- **The problem**
Write out exactly, with no other output, the lines below from the one that contains "using card_squarefree_part_supported_le[of P" through the end.

(Source records)
>>>
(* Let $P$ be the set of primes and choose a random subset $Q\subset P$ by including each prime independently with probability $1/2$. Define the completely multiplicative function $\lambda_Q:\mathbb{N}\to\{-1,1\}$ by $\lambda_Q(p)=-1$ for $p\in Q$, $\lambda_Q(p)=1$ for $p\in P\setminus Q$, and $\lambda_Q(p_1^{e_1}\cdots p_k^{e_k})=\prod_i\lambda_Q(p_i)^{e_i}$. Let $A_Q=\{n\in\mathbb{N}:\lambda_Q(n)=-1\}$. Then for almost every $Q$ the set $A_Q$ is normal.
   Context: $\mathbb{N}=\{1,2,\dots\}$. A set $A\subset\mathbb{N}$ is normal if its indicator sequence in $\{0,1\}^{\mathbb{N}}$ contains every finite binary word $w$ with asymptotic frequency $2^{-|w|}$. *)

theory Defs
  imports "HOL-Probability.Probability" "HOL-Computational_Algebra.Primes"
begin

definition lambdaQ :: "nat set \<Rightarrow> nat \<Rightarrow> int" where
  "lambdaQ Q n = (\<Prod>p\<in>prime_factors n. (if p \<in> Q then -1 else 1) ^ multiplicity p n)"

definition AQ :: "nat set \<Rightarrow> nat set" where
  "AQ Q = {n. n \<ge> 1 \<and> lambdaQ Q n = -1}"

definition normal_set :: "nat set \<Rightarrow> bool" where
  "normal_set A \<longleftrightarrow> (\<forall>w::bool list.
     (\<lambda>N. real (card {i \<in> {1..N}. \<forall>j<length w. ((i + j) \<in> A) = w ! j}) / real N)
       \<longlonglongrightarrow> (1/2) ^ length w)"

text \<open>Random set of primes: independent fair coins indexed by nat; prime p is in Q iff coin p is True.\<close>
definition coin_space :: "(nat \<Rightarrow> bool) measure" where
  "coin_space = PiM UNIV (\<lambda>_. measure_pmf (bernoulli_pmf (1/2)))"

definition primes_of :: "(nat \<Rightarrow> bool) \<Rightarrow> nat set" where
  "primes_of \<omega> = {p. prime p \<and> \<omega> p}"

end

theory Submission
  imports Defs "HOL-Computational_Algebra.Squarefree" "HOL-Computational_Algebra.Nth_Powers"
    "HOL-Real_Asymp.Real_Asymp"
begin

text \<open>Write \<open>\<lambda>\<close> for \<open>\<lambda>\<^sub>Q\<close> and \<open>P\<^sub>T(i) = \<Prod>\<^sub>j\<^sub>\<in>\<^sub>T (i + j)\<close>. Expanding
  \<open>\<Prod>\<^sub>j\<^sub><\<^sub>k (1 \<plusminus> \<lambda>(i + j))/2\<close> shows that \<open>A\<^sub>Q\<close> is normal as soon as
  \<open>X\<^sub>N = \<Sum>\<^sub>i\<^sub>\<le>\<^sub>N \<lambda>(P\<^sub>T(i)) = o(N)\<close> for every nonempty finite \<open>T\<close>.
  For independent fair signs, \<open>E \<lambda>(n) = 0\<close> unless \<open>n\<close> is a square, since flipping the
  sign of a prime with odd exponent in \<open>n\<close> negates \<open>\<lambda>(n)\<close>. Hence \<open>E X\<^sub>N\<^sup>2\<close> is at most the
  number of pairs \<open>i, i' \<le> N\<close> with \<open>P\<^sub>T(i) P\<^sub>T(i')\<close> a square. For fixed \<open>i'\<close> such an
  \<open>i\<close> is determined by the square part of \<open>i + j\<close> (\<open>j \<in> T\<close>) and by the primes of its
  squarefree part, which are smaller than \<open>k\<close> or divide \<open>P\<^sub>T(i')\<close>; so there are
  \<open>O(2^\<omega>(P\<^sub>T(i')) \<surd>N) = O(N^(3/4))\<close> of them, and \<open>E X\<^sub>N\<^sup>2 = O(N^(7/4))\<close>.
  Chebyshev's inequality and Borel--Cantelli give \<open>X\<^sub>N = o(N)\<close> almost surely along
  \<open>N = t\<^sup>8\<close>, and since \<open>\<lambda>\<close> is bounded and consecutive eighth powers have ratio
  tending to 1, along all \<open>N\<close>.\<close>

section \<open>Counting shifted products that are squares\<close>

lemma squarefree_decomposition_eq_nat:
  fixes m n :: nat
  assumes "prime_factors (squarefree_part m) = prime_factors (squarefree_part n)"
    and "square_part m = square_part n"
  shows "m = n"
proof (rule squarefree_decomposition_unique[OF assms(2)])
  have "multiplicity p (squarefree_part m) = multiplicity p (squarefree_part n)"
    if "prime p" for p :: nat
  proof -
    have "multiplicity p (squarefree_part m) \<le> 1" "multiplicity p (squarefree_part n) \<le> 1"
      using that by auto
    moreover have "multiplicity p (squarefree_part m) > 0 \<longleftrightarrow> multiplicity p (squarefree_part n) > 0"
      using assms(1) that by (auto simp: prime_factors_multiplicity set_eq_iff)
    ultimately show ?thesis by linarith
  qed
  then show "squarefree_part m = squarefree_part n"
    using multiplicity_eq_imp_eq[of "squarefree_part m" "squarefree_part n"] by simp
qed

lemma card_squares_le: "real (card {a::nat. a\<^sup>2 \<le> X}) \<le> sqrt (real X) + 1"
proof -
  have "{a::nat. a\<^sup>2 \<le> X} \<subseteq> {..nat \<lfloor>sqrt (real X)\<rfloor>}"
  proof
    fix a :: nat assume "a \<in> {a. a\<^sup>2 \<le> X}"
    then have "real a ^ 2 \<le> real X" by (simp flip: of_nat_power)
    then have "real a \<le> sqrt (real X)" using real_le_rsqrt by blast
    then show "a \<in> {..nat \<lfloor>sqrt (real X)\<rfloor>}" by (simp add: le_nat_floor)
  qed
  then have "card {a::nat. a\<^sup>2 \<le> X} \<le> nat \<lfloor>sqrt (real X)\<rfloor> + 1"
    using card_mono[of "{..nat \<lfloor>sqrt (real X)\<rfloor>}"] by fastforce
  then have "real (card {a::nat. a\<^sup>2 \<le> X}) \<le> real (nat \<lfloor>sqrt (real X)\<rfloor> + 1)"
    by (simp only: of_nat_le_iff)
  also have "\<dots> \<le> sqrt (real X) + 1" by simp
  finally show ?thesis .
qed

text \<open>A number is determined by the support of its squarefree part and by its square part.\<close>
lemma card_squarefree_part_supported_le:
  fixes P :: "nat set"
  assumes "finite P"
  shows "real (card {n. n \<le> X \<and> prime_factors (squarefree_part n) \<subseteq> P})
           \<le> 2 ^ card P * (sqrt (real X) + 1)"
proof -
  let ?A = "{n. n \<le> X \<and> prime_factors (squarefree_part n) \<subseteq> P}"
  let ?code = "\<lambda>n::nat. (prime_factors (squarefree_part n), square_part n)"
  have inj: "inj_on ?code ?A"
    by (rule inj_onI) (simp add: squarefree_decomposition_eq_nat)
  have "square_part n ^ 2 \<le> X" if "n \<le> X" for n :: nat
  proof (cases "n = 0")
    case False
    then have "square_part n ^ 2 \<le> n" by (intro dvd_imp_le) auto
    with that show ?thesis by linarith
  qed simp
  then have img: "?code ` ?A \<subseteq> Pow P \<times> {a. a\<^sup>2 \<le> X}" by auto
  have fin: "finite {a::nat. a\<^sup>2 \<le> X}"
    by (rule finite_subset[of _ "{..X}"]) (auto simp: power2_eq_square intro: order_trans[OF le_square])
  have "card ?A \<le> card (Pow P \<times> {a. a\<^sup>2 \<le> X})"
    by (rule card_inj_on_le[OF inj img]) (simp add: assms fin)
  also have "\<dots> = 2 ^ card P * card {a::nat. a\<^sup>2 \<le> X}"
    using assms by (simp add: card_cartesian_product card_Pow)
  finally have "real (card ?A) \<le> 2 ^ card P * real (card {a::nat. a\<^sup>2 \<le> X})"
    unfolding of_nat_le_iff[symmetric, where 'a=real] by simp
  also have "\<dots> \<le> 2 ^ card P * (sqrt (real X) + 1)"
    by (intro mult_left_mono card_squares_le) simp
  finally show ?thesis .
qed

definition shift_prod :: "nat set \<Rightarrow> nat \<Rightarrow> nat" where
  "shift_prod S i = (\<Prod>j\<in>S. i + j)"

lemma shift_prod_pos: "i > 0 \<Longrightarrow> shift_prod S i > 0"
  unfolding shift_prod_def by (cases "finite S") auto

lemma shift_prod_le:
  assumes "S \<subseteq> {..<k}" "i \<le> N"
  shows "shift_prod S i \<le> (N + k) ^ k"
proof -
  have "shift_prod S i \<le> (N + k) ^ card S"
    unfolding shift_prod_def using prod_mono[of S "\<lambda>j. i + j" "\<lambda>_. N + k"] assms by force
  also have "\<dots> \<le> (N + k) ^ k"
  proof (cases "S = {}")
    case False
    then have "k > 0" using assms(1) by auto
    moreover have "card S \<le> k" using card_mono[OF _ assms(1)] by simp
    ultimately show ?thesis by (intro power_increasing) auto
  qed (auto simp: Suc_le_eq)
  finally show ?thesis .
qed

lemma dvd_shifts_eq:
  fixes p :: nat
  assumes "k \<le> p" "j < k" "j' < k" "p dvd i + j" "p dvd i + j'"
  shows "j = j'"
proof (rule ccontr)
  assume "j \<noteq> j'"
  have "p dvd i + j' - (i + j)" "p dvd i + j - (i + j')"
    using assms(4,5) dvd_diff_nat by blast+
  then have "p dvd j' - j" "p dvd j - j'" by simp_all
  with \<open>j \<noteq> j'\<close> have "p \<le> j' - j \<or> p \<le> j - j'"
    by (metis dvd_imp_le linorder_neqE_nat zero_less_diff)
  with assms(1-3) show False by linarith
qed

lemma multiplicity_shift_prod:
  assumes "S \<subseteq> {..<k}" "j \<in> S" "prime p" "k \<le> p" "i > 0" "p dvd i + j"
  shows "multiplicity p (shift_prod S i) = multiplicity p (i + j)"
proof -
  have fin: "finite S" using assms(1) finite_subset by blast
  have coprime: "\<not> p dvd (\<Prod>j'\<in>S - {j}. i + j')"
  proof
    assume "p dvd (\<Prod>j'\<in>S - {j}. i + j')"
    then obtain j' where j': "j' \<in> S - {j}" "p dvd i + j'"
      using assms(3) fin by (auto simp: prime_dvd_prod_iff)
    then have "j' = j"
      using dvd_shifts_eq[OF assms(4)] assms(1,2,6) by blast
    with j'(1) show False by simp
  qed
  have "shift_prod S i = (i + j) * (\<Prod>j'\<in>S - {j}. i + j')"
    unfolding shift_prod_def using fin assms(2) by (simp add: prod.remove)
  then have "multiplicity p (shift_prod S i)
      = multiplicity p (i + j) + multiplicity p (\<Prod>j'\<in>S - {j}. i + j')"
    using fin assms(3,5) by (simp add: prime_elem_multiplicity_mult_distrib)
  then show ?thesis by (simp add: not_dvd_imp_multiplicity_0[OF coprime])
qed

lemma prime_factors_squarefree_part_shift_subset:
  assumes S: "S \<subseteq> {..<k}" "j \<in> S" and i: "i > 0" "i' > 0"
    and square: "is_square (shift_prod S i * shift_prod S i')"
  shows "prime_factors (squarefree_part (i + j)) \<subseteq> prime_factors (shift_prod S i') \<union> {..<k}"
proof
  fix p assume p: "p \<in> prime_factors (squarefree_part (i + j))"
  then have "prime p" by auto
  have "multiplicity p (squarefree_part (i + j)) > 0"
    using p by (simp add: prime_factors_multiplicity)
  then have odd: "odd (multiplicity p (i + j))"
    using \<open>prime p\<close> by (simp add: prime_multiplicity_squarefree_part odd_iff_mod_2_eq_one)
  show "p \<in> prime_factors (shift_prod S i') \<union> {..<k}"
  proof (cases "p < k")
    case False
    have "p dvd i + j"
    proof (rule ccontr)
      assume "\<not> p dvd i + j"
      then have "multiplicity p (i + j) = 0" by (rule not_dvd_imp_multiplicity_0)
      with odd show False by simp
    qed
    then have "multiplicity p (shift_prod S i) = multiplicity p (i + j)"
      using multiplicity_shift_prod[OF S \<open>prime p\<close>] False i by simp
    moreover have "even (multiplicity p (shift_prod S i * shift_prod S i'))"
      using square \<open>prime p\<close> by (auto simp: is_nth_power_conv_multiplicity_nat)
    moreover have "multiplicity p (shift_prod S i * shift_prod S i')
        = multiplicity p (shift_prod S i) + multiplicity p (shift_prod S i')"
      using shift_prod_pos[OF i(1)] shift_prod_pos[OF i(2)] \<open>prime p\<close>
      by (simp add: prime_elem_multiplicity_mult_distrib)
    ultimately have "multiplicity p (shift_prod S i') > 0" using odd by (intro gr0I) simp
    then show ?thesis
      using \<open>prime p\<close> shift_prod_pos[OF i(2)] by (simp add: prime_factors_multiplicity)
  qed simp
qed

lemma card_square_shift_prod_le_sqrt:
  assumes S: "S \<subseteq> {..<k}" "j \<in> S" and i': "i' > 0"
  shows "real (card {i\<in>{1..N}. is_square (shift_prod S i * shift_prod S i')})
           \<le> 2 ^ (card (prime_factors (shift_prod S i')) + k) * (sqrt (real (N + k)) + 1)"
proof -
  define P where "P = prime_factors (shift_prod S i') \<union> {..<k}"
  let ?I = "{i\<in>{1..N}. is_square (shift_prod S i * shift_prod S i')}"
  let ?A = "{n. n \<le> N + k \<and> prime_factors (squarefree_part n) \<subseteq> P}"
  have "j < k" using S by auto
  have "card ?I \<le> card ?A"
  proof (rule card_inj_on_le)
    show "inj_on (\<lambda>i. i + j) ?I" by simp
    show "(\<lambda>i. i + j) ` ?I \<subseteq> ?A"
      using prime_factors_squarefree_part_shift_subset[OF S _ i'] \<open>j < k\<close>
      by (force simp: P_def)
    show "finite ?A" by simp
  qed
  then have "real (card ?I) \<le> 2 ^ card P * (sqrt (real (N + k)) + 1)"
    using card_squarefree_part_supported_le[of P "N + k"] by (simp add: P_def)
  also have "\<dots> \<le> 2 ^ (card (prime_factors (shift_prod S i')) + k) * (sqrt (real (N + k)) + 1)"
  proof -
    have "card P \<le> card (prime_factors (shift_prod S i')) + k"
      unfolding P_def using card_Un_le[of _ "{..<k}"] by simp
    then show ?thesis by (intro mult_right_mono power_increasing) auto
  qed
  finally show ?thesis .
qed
<<<
- **Response to this task**
    using card_squarefree_part_supported_le[of P "N + k"] by (simp add: P_def)
  also have "\<dots> \<le> 2 ^ (card (prime_factors (shift_prod S i')) + k) * (sqrt (real (N + k)) + 1)"
  proof -
    have "card P \<le> card (prime_factors (shift_prod S i')) + k"
      unfolding P_def using card_Un_le[of _ "{..<k}"] by simp
    then show ?thesis by (intro mult_right_mono power_increasing) auto
  qed
  finally show ?thesis .
qed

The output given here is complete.